= Canadian Biodiversity Information Network =

== History ==
Canada began to develop the Canadian Biodiversity Information Network (CBIN) in 1996 as an internet based resource centre to serve as Canada's national node to the global Clearing House Mechanism. Canada's first national report to the convention stated that CBIN was to become operational in the same year.
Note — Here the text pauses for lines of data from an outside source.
lemma sum_le_if_levels_typical:
  fixes g :: "'a \<Rightarrow> real"
  assumes B: "finite B" and N: "card B > 0" and g: "\<And>b. b \<in> B \<Longrightarrow> 0 \<le> g b \<and> g b \<le> 1"
    and S: "S \<subseteq> B" and K: "1 \<le> lam * real K"
    and typical: "\<And>k. k < K \<Longrightarrow> real (card {b\<in>S. real k < real K * g b})
      \<le> (real (card {b\<in>B. real k < real K * g b}) / real (card B) + lam) * real (card S)"
  shows "(\<Sum>b\<in>S. g b) \<le> real (card S) / real (card B) * (\<Sum>b\<in>B. g b) + 2 * lam * real (card S)"
proof -
  define m where "m = real (card S)"
  define N where "N = real (card B)"
  have K1: "1 \<le> real K" using K by (cases K) auto
  have "m \<le> lam * m * real K" using mult_left_mono[OF K, of m] by (simp add: m_def mult_ac)
  then have Kl: "m / real K \<le> lam * m" using K1 by (simp add: divide_le_eq)
  have Npos: "0 < N" using N by (simp add: N_def)
  have "real K * (\<Sum>b\<in>S. g b) \<le> (\<Sum>k<K. real (card {b\<in>S. real k < real K * g b}))"
    using layer_cake_bounds(1)[of S g K] S B g by (auto intro: finite_subset)
  also have "\<dots> \<le> (\<Sum>k<K. (real (card {b\<in>B. real k < real K * g b}) / N + lam) * m)"
    using typical unfolding m_def N_def by (intro sum_mono) auto
  also have "\<dots> = m / N * (\<Sum>k<K. real (card {b\<in>B. real k < real K * g b})) + real K * lam * m"
    by (simp add: sum.distrib sum_distrib_left sum_divide_distrib algebra_simps)
  also have "\<dots> \<le> m / N * (real K * (\<Sum>b\<in>B. g b) + N) + real K * lam * m"
    using layer_cake_bounds(2)[of B g K] B g Npos
    by (intro add_right_mono mult_left_mono) (auto simp: N_def m_def)
  also have "\<dots> = real K * (m / N * (\<Sum>b\<in>B. g b) + m / real K + lam * m)"
    using Npos K1 by (simp add: field_simps)
  also have "\<dots> \<le> real K * (m / N * (\<Sum>b\<in>B. g b) + 2 * lam * m)"
    using Kl K1 by (intro mult_left_mono) auto
  finally show ?thesis using K1 unfolding m_def N_def by (simp add: mult_le_cancel_left_pos)
qed

lemma sample_sum_upper_tail:
  fixes lam :: real and g :: "'a \<Rightarrow> real"
  assumes B: "finite B" and N: "card B > 0" and mN: "m \<le> card B"
    and lam: "0 < lam" "lam \<le> 1" and g: "\<And>b. b \<in> B \<Longrightarrow> 0 \<le> g b \<and> g b \<le> 1"
  shows "real (card {S\<in>subsets_of_size B m.
            (\<Sum>b\<in>S. g b) > real m / real (card B) * (\<Sum>b\<in>B. g b) + 2 * lam * real m})
     \<le> real (nat \<lceil>1 / lam\<rceil>) * exp (1 - lam^2 * real m / 8) * real (card B choose m)"
proof -
  define K where "K = nat \<lceil>1 / lam\<rceil>"
  have "1 / lam \<le> real K" unfolding K_def by linarith
  then have K: "1 \<le> lam * real K" using lam by (simp add: field_simps)
  define T where "T k = {b\<in>B. real k < real K * g b}" for k
  define Bad where "Bad k = {S\<in>subsets_of_size B m.
      real (card (S \<inter> T k)) \<ge> (real (card (T k)) / real (card B) + lam) * real m}" for k
  let ?U = "{S\<in>subsets_of_size B m.
      (\<Sum>b\<in>S. g b) > real m / real (card B) * (\<Sum>b\<in>B. g b) + 2 * lam * real m}"
  have "?U \<subseteq> (\<Union>k<K. Bad k)"
  proof (rule subsetI, rule ccontr)
    fix S assume S: "S \<in> ?U" and nb: "S \<notin> (\<Union>k<K. Bad k)"
    have SB: "S \<subseteq> B" and cS: "card S = m" using S unfolding subsets_of_size_def by auto
    have "S \<inter> T k = {b\<in>S. real k < real K * g b}" for k using SB unfolding T_def by auto
    then have "real (card {b\<in>S. real k < real K * g b})
        \<le> (real (card {b\<in>B. real k < real K * g b}) / real (card B) + lam) * real (card S)"
      if "k < K" for k
      using nb that cS S by (auto simp: Bad_def T_def not_le intro: less_imp_le)
    then have "(\<Sum>b\<in>S. g b) \<le> real m / real (card B) * (\<Sum>b\<in>B. g b) + 2 * lam * real m"
      using sum_le_if_levels_typical[where g = g, OF B N g SB K] cS by simp
    then show False using S by simp
  qed
  then have "card ?U \<le> card (\<Union>k<K. Bad k)"
    using finite_subsets_of_size[OF B] by (intro card_mono) (auto simp: Bad_def)
  also have "\<dots> \<le> (\<Sum>k<K. card (Bad k))" by (rule card_UN_le) simp
  finally have "real (card ?U) \<le> (\<Sum>k<K. real (card (Bad k)))"
    by (simp only: of_nat_sum[symmetric] of_nat_le_iff)
  also have "\<dots> \<le> (\<Sum>k<K. exp (1 - lam^2 * real m / 8) * real (card B choose m))"
    unfolding Bad_def by (intro sum_mono hypergeometric_upper_tail[OF B _ N mN lam]) (auto simp: T_def)
  finally show ?thesis unfolding K_def by simp
qed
In recent years, researchers have continued to underscore the gap in translating knowledge in biodiversity topics into conservation action.

== Role and functions ==
Canada's third national report to the Convention on Biological Diversity described CBIN stated that the site covered developments under the convention and information on implementing the Canadian Biodiversity Strategy, and that it provided access to biodiversity related information from academia, industry, non-governmental organizations, and governments.

The Canadian Biodiversity Information Facility (CBIF), administered by Agriculture and Agri-Food Canada, served as Canada's national counterpart to the Global Biodiversity Information Facility (GBIF), providing tools such as the Integrated Taxonomic Information System (ITIS), the Species Access Network, and SpeciesBank. CBIF operated as a data repository from 2001 until it was decommissioned on December 20, 2021.

== Outreach ==
Environment Canada used CBIN as a public outreach platform during the 2010 International Year of Biodiversity, where it turned into a virtual meeting place where Canadians were able to share stories about how they were celebrating the year.